— Не волнуйся, Степанида Всеволодовна, это бывает. Живет, живет человек, а станет время к старости подходить — и задумается он, правильно ли жил до сих пор.
…А годы шли. Немало ершей, пескарей и щук переловили мы, пацаны, с дедом Егоршей. Я уж и школу-семилетку закончил, и в колхозе за мужика работал, но пьяным своего соседа больше не видел.
Когда исполнилось мне девятнадцать, пришла повестка из райвоенкомата о призыве на армейскую службу. Собрали мы по старинной традиции всех родных и друзей на отвальную. Пришли и дед Егорша с бабкой Степанидой.
Моя мать, Матрена Панкратьевна, произнесла напутственное слово. И все дружно пожелали мне хорошо служить, защищать нашу Родину, а значит, и нашу милую таежную деревеньку Лебское.
Я чувствовал себя именинником. После фужера шампанского вспомнилось давнишнее Егоршино обещание. «Уеду, — подумал, — завтра утром и не узнаю, как Егор Иванович ногу потерял».
Встал я и принародно напомнил ему о нашем разговоре, наивно полагая, что где как не в армии и не на войне можно оказаться инвалидом. Гости, развязавшие было языки после тоста, притихли.
Егор Иванович, уже несколько лет не принимавший спиртного, выпил стопку. Очень уж разволновался старик.
— Давно это было, — начал он. — Третье лето страдало Лешуконье от неурожая. Ячмень не доходил — одна мякина. Картофель также мелкий родился. Продуктов хватило до рождества, а там хоть с голоду помирай. Мужики на зиму кто куда на заработки разошлись. Одни охотой промышляли, другие лес купцу рубили. Мой старший брат Петро на заводе Михельсона в самой Москве робил. Однажды отец и говорит мне: «Чуешь, сынок, что я надумал. Поди-ко и ты в Москву. Петька тебя устроит на работу, прокормишься. А подфартит — так и нам с маткой деньгу пошлете».
Больше месяца я до Москвы добирался. Как Ломоносов, с рыбным обозом пешком до белокаменной шел. И брата в Москве, конечно, отыскал. Но не повезло нам. Только устроился на работу, как Петро за участие в забастовке с завода выгнали.
Как-то вечером прихожу с работы.
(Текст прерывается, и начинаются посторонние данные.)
lemma dlbf_Rcov:
  assumes "a \<ge> 0" "L \<ge> 0" "sn2 > 0" "(cmod cc)^2 \<le> a * L"
  shows "dlbf (Rcov a L sn2 cc h0 h1) h0
    = beam ((of_real sn2 * \<rho> - of_real (c^2) * cnj cc) / of_real (L * c^2 + sn2))"
proof -
  define D where "D = L * c^2 + sn2"
  have "D > 0" using assms(2,3) by (simp add: D_def add_nonneg_pos)
  hence "complex_of_real D \<noteq> 0" by simp
  hence "of_real D * ((of_real sn2 * \<rho> - of_real (c^2) * cnj cc) / of_real D)
      = of_real sn2 * \<rho> - of_real (c^2) * cnj cc"
    by simp
  then obtain \<kappa> where "Rcov a L sn2 cc h0 h1 *v beam ((of_real sn2 * \<rho> - of_real (c^2) * cnj cc)
      / of_real D) = \<kappa> *s h0"
    using Rcov_mult_beam unfolding D_def by blast
  thus ?thesis
    unfolding D_def
    using invertible_Rcov[OF assms] herm_h0_beam by (intro dlbf_eqI)
qed

lemma Hmat_mult_vec_eq_0:
  assumes "Hmat h0 h1 *v y = 0"
  shows "y = 0"
proof -
  have y: "y$1 *s h0 + y$2 *s h1 = 0"
    using assms by (simp add: Hmat_mult_vec)
  have e0: "y$1 + y$2 * \<rho> = 0"
    using arg_cong[OF y, of "herm h0"] by (simp add: herm_add_right herm_scale_right herm_h0_h0 herm_h0_h1)
  have e1: "y$1 * cnj \<rho> + y$2 = 0"
    using arg_cong[OF y, of "herm h1"] by (simp add: herm_add_right herm_scale_right herm_h1_h1 herm_h1_h0)
  have "y$2 * of_real (c^2) = 0"
    using e0 e1 rho_mult_cnj by (simp add: eq_neg_iff_add_eq_0[symmetric] algebra_simps)
  hence "y$2 = 0" using c_pos by simp
  thus "y = 0" using e0 by (simp add: vec_eq_iff forall_2)
qed
(* Let $n\ge 1$, $K\ge 1$ be integers and $p_n\in[0,1]$. Let $(\mathcal{G}(n),\mathcal{A}(n))$ be the output of the Threshold exploration algorithm and let $(G(n,p_n),\mathcal{I}(n))$ be the graph and final active set of the Threshold model (both described in the context). Then the joint distribution of $(\mathcal{G}(n),\mathcal{A}(n))$ is identical to the joint distribution of $(G(n,p_n),\mathcal{I}(n))$.
   Context: $G(n,p_n)$ is the Erdős–Rényi random graph on vertex set $[n]=\{1,\dots,n\}$, each of the pairs $\{u,v\}$, $u\ne v$, being an edge independently with probability $p_n$. For a graph $G$ and vertex set $U$, $G_U$ is the induced subgraph and $d_{\max}$ the maximum degree. Threshold model: given a realization of $G(n,p_n)$, set $\mathcal{I}(0)=\varnothing$. At each step $t+1$ ($0\le t\le n-1$), a vertex $v$ is chosen uniformly at random among vertices not selected before (independently of the graph); if $d_{\max}(G_{\mathcal{I}(t)\cup\{v\}})<K$ set $\mathcal{I}(t+1)=\mathcal{I}(t)\cup\{v\}$, otherwise $\mathcal{I}(t+1)=\mathcal{I}(t)$. $\mathcal{I}(n)$ is the final (maximal greedy $K$-independent) set. Threshold exploration algorithm: maintain sets $\mathcal{A}_0(t),\dots,\mathcal{A}_{K-1}(t)$ (active vertices with exactly $k$ active neighbours), $\mathcal{B}(t)$ (frozen vertices) and $\mathcal{U}(t)$ (unexplored vertices), initially $\mathcal{A}_k(0)=\mathcal{B}(0)=\varnothing$, $\mathcal{U}(0)=[n]$; let $\mathcal{A}(t)=\bigcup_k\mathcal{A}_k(t)$. At step $t+1$, select $v\in\mathcal{U}(t)$ uniformly at random, remove it from $\mathcal{U}$, and for each $u\in\mathcal{A}(t)\cup\mathcal{B}(t)$ independently add the edge $\{v,u\}$ with probability $p_n$. Let $v_1,\dots,v_r$ ($r\ge0$) be the vertices of $\mathcal{A}(t)$ joined to $v$, with $v_i\in\mathcal{A}_{k_i}(t)$. If $r<K$ and no $v_i$ lies in $\mathcal{A}_{K-1}(t)$, then $v$ is put into $\mathcal{A}_r$ and each $v_i$ is moved from $\mathcal{A}_{k_i}$ to $\mathcal{A}_{k_i+1}$; otherwise $v$ is put into $\mathcal{B}$ and the sets $\mathcal{A}_k$ are unchanged. After $n$ steps the algorithm outputs $\mathcal{A}(n)$ and the graph $\mathcal{G}(n)$ on $[n]$ formed by all edges added. *)

theory Defs
  imports "HOL-Probability.Probability"
begin
lemma difference_of_eigenvectors:
  fixes A :: "'a :: field mat"
  assumes A: "A \<in> carrier_mat n n"
    and x1: "x1 \<in> carrier_vec n" and x2: "x2 \<in> carrier_vec n"
    and ev1: "A *\<^sub>v x1 = l1 \<cdot>\<^sub>v x1" and ev2: "A *\<^sub>v x2 = l2 \<cdot>\<^sub>v x2"
    and y: "y = c1 \<cdot>\<^sub>v x1 + c2 \<cdot>\<^sub>v x2"
    and u: "u < n" and same: "x1 $ u = x2 $ u" and nonzero: "x1 $ u \<noteq> 0"
    and y_u: "y $ u = 0" and Ay_u: "(A *\<^sub>v y) $ u = - x1 $ u"
  shows "x1 - x2 = (l2 - l1) \<cdot>\<^sub>v y"
proof -
  let ?t = "x1 $ u"
  have "(c1 + c2) * ?t = 0"
    using y_u u x1 x2 same unfolding y by (simp add: distrib_right)
  then have c2: "c2 = - c1"
    using nonzero by (simp add: add_eq_0_iff)
  have "A *\<^sub>v y = c1 \<cdot>\<^sub>v (A *\<^sub>v x1) + c2 \<cdot>\<^sub>v (A *\<^sub>v x2)"
    unfolding y using A x1 x2 by (simp add: mult_add_distrib_mat_vec[OF A] mult_mat_vec[OF A])
  then have "c1 * (l1 - l2) * ?t = - ?t"
    using Ay_u u x1 x2 same ev1 ev2 c2 by (simp add: algebra_simps)
  then have "(c1 * (l2 - l1) - 1) * ?t = 0"
    by (simp add: algebra_simps)
  then have c1: "c1 * (l2 - l1) = 1"
    using nonzero by simp
  show ?thesis
  proof (intro eq_vecI)
    fix i assume "i < dim_vec ((l2 - l1) \<cdot>\<^sub>v y)"
    then have "i < n" unfolding y using x2 by simp
    then have "((l2 - l1) \<cdot>\<^sub>v y) $ i = c1 * (l2 - l1) * (x1 $ i - x2 $ i)"
      unfolding y using x1 x2 c2 by (simp add: algebra_simps)
    then show "(x1 - x2) $ i = ((l2 - l1) \<cdot>\<^sub>v y) $ i"
      using c1 \<open>i < n\<close> x2 by simp
  qed (use x1 x2 y in simp)
qed

lemma eigenvectors_from_difference:
  fixes A :: "'a :: field mat"
  assumes A: "A \<in> carrier_mat n n"
    and x1: "x1 \<in> carrier_vec n" and x2: "x2 \<in> carrier_vec n" and y: "y \<in> carrier_vec n"
    and ev1: "A *\<^sub>v x1 = l1 \<cdot>\<^sub>v x1" and ev2: "A *\<^sub>v x2 = l2 \<cdot>\<^sub>v x2"
    and distinct: "l1 \<noteq> l2"
    and diff: "x1 - x2 = (l2 - l1) \<cdot>\<^sub>v y"
  shows "x1 = l2 \<cdot>\<^sub>v y - A *\<^sub>v y" and "x2 = l1 \<cdot>\<^sub>v y - A *\<^sub>v y"
proof -
  have "(l2 - l1) \<cdot>\<^sub>v (A *\<^sub>v y) = A *\<^sub>v (x1 - x2)"
    unfolding diff using A y by (simp add: mult_mat_vec)
  also have "\<dots> = l1 \<cdot>\<^sub>v x1 - l2 \<cdot>\<^sub>v x2"
    using A x1 x2 ev1 ev2 by (simp add: mult_minus_distrib_mat_vec)
  finally have Ay_vec: "(l2 - l1) \<cdot>\<^sub>v (A *\<^sub>v y) = l1 \<cdot>\<^sub>v x1 - l2 \<cdot>\<^sub>v x2" .
  have Ay: "(l2 - l1) * (A *\<^sub>v y) $ i = l1 * x1 $ i - l2 * x2 $ i" if "i < n" for i
    using arg_cong[OF Ay_vec, of "\<lambda>x. x $ i"] that A x1 x2 y by simp
  have x1_i: "x1 $ i = x2 $ i + (l2 - l1) * y $ i" if "i < n" for i
    using arg_cong[OF diff, of "\<lambda>x. x $ i"] that x1 x2 y by (simp add: algebra_simps)
  have x2_i: "x2 $ i = l1 * y $ i - (A *\<^sub>v y) $ i" if "i < n" for i
  proof -
    have "(l2 - l1) * x2 $ i = (l2 - l1) * (l1 * y $ i - (A *\<^sub>v y) $ i)"
      using Ay[OF that] x1_i[OF that] by (simp add: algebra_simps)
    then show ?thesis using distinct by simp
  qed
  show "x2 = l1 \<cdot>\<^sub>v y - A *\<^sub>v y"
    using x2 y A x2_i by (intro eq_vecI) auto
  have "x1 $ i = l2 * y $ i - (A *\<^sub>v y) $ i" if "i < n" for i
    using x1_i[OF that] x2_i[OF that] by (simp add: algebra_simps)
  then show "x1 = l2 \<cdot>\<^sub>v y - A *\<^sub>v y"
    using x1 y A by (intro eq_vecI) auto
qed

lemma entry_gap_from_normalisation:
  fixes x1 x2 :: "real vec"
  assumes x1: "x1 \<in> carrier_vec n" and x2: "x2 \<in> carrier_vec n" and nonzero: "x1 \<noteq> 0\<^sub>v n"
    and orth: "x1 \<bullet> x2 = 0" and vw: "v < n" "w < n"
    and diff: "x1 - x2 = \<delta> \<cdot>\<^sub>v (unit_vec n v - unit_vec n w)"
    and norm: "(x1 $ v - x1 $ w)\<^sup>2 / (x1 \<bullet> x1) = 1 + 1 / \<delta>"
  shows "x1 $ v - x1 $ w = \<delta> + 1"
proof -
  have "x1 \<bullet> x1 = x1 \<bullet> (x1 - x2)"
    using orth scalar_prod_minus_distrib[OF x1 x1 x2] by simp
  also have "\<dots> = \<delta> * (x1 $ v - x1 $ w)"
    unfolding diff using x1 scalar_prod_unit_vec_diff[OF x1 vw] by simp
  finally have sq_norm: "x1 \<bullet> x1 = \<delta> * (x1 $ v - x1 $ w)" .
  moreover have "x1 \<bullet> x1 > 0"
    using scalar_prod_self_pos[OF x1 nonzero] .
  ultimately have "x1 $ v - x1 $ w \<noteq> 0" "\<delta> \<noteq> 0" by auto
  then have "(x1 $ v - x1 $ w) / \<delta> = 1 + 1 / \<delta>"
    using norm unfolding sq_norm by (simp add: power2_eq_square)
  then show ?thesis
    using \<open>\<delta> \<noteq> 0\<close> by (simp add: field_simps)
qed
lemma Gray_eq_off_point_components:
  assumes v: "v \<in> ambient a b" and c: "c \<in> ambient a b"
    and agree: "\<And>q. q < a + 2 * b \<Longrightarrow> q \<noteq> p \<Longrightarrow> Gray a b v q = Gray a b c q"
  shows "i \<noteq> p \<Longrightarrow> fst v i = fst c i"
    and "p \<noteq> a + 2 * t \<Longrightarrow> p \<noteq> Suc (a + 2 * t) \<Longrightarrow> snd v t = snd c t"
proof -
  show "fst v i = fst c i" if "i \<noteq> p"
    using agree[of i] that v c Gray_bin[of i a b] by (cases "i < a") (auto simp: mem_ambient_iff)
  show "snd v t = snd c t" if "p \<noteq> a + 2 * t" "p \<noteq> Suc (a + 2 * t)"
  proof (cases "t < b")
    case True
    then have "gray (snd v t) = gray (snd c t)"
      using agree[of "a + 2 * t"] agree[of "Suc (a + 2 * t)"] that Gray_quat[OF True]
      by (simp add: prod_eq_iff)
    then show ?thesis by (simp add: gray_eq_iff)
  qed (use v c in \<open>simp add: mem_ambient_iff\<close>)
qed

lemma Gray_eq_off_point_imp_lee_unit_ball:
  assumes v: "v \<in> ambient a b" and c: "c \<in> ambient a b"
    and agree: "\<And>q. q < a + 2 * b \<Longrightarrow> q \<noteq> p \<Longrightarrow> Gray a b v q = Gray a b c q"
  shows "v - c \<in> lee_unit_ball a b"
proof (cases "p < a")
  case True
  have "v - c = bin_at p (fst v p - fst c p)"
    using Gray_eq_off_point_components[OF v c agree] True by (intro z2z4vec_eqI) auto
  then show ?thesis
    using True Z2_cases[of "fst v p - fst c p"] by (auto simp: lee_unit_ball_def)
next
  case False
  define t where "t = (p - a) div 2"
  have p: "p = a + 2 * t \<or> p = Suc (a + 2 * t)" using False unfolding t_def by presburger
  have bin: "fst v i = fst c i" for i
  proof (cases "i = p")
    case False
    then show ?thesis using Gray_eq_off_point_components(1)[OF v c agree] by blast
  qed (use \<open>\<not> p < a\<close> v c in \<open>simp add: mem_ambient_iff\<close>)
  have quat: "snd v t' = snd c t'" if "t' \<noteq> t" for t'
    using Gray_eq_off_point_components(2)[OF v c agree] that p by auto
  show ?thesis
  proof (cases "t < b")
    case True
    have "fst (gray (snd v t)) = fst (gray (snd c t)) \<or> snd (gray (snd v t)) = snd (gray (snd c t))"
      using p agree[of "a + 2 * t"] agree[of "Suc (a + 2 * t)"] Gray_quat[OF True] True by auto
    then have d: "snd v t - snd c t \<in> {0, 1, - 1}" by (rule gray_component_eq_imp)
    have "v - c = quat_at t (snd v t - snd c t)"
      using bin quat by (intro z2z4vec_eqI) auto
    then show ?thesis
      using d True by (auto simp: lee_unit_ball_def quat_at_uminus)
  next
    case False
    then have "snd v t = snd c t" using v c by (simp add: mem_ambient_iff)
    then have "v = c" using bin quat by (metis z2z4vec_eqI)
    then show ?thesis by (simp add: lee_unit_ball_def)
  qed
qed

lemma lee_unit_ball_imp_Gray_eq_off_point:
  assumes "d \<in> lee_unit_ball a b"
  shows "\<exists>p. \<forall>q < a + 2 * b. Gray a b (c + d) q \<noteq> Gray a b c q \<longrightarrow> q = p"
proof -
  from assms consider "d = 0" | s where "s < a" "d = ebin s"
    | t where "t < b" "d = equat t \<or> d = - equat t"
    by (auto simp: lee_unit_ball_def)
  then show ?thesis
  proof cases
    case 1
    then show ?thesis by auto
  next
    case (2 s)
    then have "fst (c + d) i = fst c i" if "i \<noteq> s" for i using that by simp
    moreover have "snd (c + d) j = snd c j" for j using 2 by simp
    ultimately show ?thesis using Gray_differ_cases by metis
  next
    case (3 t)
    then have bin: "fst (c + d) i = fst c i" for i by auto
    have quat: "snd (c + d) t' = snd c t'" if "t' \<noteq> t" for t' using 3 that by auto
    have "snd (c + d) t - snd c t \<in> {1, - 1}" using 3 by auto
    then have adj: "fst (gray (snd (c + d) t)) = fst (gray (snd c t)) \<longleftrightarrow>
        snd (gray (snd (c + d) t)) \<noteq> snd (gray (snd c t))" by (rule gray_adjacent)
    define p where "p = (if fst (gray (snd (c + d) t)) = fst (gray (snd c t))
                         then Suc (a + 2 * t) else a + 2 * t)"
    have "q = p" if "q < a + 2 * b" "Gray a b (c + d) q \<noteq> Gray a b c q" for q
    proof -
      have "q = a + 2 * t \<or> q = Suc (a + 2 * t)"
        using Gray_differ_cases[OF that] bin quat by metis
      then show ?thesis
        using that(2) adj unfolding p_def by (auto simp: Gray_quat[OF 3(1)])
    qed
    then show ?thesis by blast
  qed
qed

lemma hamming_Gray_le_1_iff:
  assumes "v \<in> ambient a b" "c \<in> ambient a b"
  shows "hamming (a + 2 * b) (Gray a b v) (Gray a b c) \<le> 1 \<longleftrightarrow> v - c \<in> lee_unit_ball a b"
  using Gray_eq_off_point_imp_lee_unit_ball[OF assms]
    lee_unit_ball_imp_Gray_eq_off_point[of "v - c" a b c]
  unfolding hamming_le_1_iff by auto

subsection \<open>Perfect codes\<close>

locale perfect_code =
  fixes a b :: nat and C :: "z2z4vec set"
  assumes additive: "additive_code a b C" and perfect: "one_perfect_z2z4 a b C"
begin

lemma code_subgroup: "add_subgroup C"
  using additive by (rule additive_code_subgroup)

lemma code_subset_ambient: "C \<subseteq> ambient a b"
  using additive by (rule additive_code_subset)

lemma unique_Gray_codeword:
  assumes "v \<in> ambient a b"
  shows "\<exists>!c'. c' \<in> Gray a b ` C \<and> hamming (a + 2 * b) (Gray a b v) c' \<le> 1"
proof -
  have "\<forall>x\<in>bin_space (a + 2 * b). \<exists>!c'. c' \<in> Gray a b ` C \<and> hamming (a + 2 * b) x c' \<le> 1"
    using perfect unfolding one_perfect_z2z4_def one_perfect_bin_def by simp
  moreover have "Gray a b v \<in> bin_space (a + 2 * b)" by (simp add: bin_space_def Gray_def)
  ultimately show ?thesis by (rule bspec)
qed

lemma coset_leader_exists:
  assumes v: "v \<in> ambient a b"
  obtains \<rho> where "\<rho> \<in> lee_unit_ball a b" "v - \<rho> \<in> C"
proof -
  obtain c where c: "c \<in> C" "hamming (a + 2 * b) (Gray a b v) (Gray a b c) \<le> 1"
    using unique_Gray_codeword[OF v] by blast
  then have "v - c \<in> lee_unit_ball a b"
    using hamming_Gray_le_1_iff[OF v] code_subset_ambient by blast
  moreover have "v - (v - c) \<in> C" using c by simp
  ultimately show thesis using that by blast
qed

lemma coset_leader_unique:
  assumes \<rho>: "\<rho> \<in> lee_unit_ball a b" "\<rho>' \<in> lee_unit_ball a b" and diff: "\<rho> - \<rho>' \<in> C"
  shows "\<rho> = \<rho>'"
proof -
  have amb: "\<rho> \<in> ambient a b" "\<rho> - \<rho>' \<in> ambient a b" "0 \<in> ambient a b"
    using \<rho> diff lee_unit_ball_subset_ambient code_subset_ambient
      add_subgroup_zero[OF add_subgroup_ambient[of a b]] by auto
  have "hamming (a + 2 * b) (Gray a b \<rho>) (Gray a b 0) \<le> 1"
    using \<rho>(1) hamming_Gray_le_1_iff[OF amb(1,3)] by simp
  moreover have "hamming (a + 2 * b) (Gray a b \<rho>) (Gray a b (\<rho> - \<rho>')) \<le> 1"
    using \<rho>(2) hamming_Gray_le_1_iff[OF amb(1,2)] by simp
  moreover obtain c' where "\<forall>x. x \<in> Gray a b ` C \<and> hamming (a + 2 * b) (Gray a b \<rho>) x \<le> 1 \<longrightarrow> x = c'"
    using unique_Gray_codeword[OF amb(1)] by (elim ex1E) blast
  ultimately have "Gray a b 0 = Gray a b (\<rho> - \<rho>')"
    using diff add_subgroup_zero[OF code_subgroup] by blast
  then have "0 = \<rho> - \<rho>'" using inj_onD[OF inj_on_Gray _ amb(3,2)] by blast
  then show ?thesis by simp
qed
lemma field_redef_partials:
  fixes L :: "real \<times> real \<Rightarrow> real"
  assumes "open I" and L: "\<forall>X>0. \<forall>\<phi>\<in>I. L (X, \<phi>) = G (exp (- 2 * f \<phi>) * X)"
    and df: "f differentiable (at \<phi>)" and dG: "G differentiable (at (exp (- 2 * f \<phi>) * X))"
    and "X > 0" "\<phi> \<in> I"
  shows "pX L (X, \<phi>) = exp (- 2 * f \<phi>) * deriv G (exp (- 2 * f \<phi>) * X)"
    and "pPhi L (X, \<phi>) = - 2 * X * pX L (X, \<phi>) * deriv f \<phi>"
proof -
  define e where "e = exp (- 2 * f \<phi>)"
  have "open ({0::real<..} \<times> I)" "(X, \<phi>) \<in> {0<..} \<times> I"
    using assms by (auto simp: open_Times)
  moreover have "\<forall>z\<in>{0<..} \<times> I. L z = G (exp (- 2 * f (snd z)) * fst z)"
    using L by auto
  ultimately have "pX L (X, \<phi>) = pX (\<lambda>z. G (exp (- 2 * f (snd z)) * fst z)) (X, \<phi>)"
    "pPhi L (X, \<phi>) = pPhi (\<lambda>z. G (exp (- 2 * f (snd z)) * fst z)) (X, \<phi>)"
    by (rule partials_cong)+
  then have L': "pX L (X, \<phi>) = deriv (\<lambda>t. G (e * t)) X"
    "pPhi L (X, \<phi>) = deriv (\<lambda>t. G (exp (- 2 * f t) * X)) \<phi>"
    unfolding pX_def pPhi_def e_def by simp_all
  have dG': "(G has_real_derivative deriv G (e * X)) (at (e * X))"
    using dG unfolding e_def by (simp add: DERIV_deriv_iff_real_differentiable)
  have "((\<lambda>t. G (e * t)) has_real_derivative deriv G (e * X) * e) (at X)"
    using DERIV_chain2[OF dG' DERIV_cmult[OF DERIV_ident, of e]] by simp
  then show pX: "pX L (X, \<phi>) = e * deriv G (e * X)"
    unfolding L' by (simp add: DERIV_imp_deriv mult.commute)
  have "((\<lambda>t. exp (- 2 * f t) * X) has_real_derivative e * (- 2 * deriv f \<phi>) * X) (at \<phi>)"
    using df unfolding e_def
    by (auto intro!: derivative_eq_intros simp: DERIV_deriv_iff_real_differentiable)
  from DERIV_imp_deriv[OF DERIV_chain2[OF dG'[unfolded e_def] this[unfolded e_def]]]
  show "pPhi L (X, \<phi>) = - 2 * X * pX L (X, \<phi>) * deriv f \<phi>"
    unfolding L'(2) pX e_def by (simp add: algebra_simps)
qed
Руки гудят, ноги дрожат от напряжения: целый день на пятый этаж кирпичи таскал. Петро сидит дома расстроенный. Пойдем, говорит, братуха, в кабак, хозяин при расчете выдал три рубля. Собрался я с ним, а сам боюсь. Хоть ростом и вымахал, а хмельного у меня во рту отродясь не бывало. Но любопытство посмотреть кабак взяло верх — согласился.
Зашли мы с братом в питейное заведение. В кабаке духота, народ — кто во что горазд — шумит. Сидим за крайним столиком. Хотя и много времени прошло, но как сейчас помню. Первую рюмку выпил — усталость сняло. Вторую выпил — потолок над головой покачиваться начал. А как по третьей выпили, память потерял. Из кабака нас взашей вытолкали. Идем мы с Петро пьяные по булыжной мостовой. Повстречалась на пути пролёжка — не сворачиваем. Извозчика встретили — не сворачиваем. А тут выскочили из-за поворота гуляющие купцы на тройке рысаков. Свернули те купцы моему брату шею, а мне колесом ногу отхватило…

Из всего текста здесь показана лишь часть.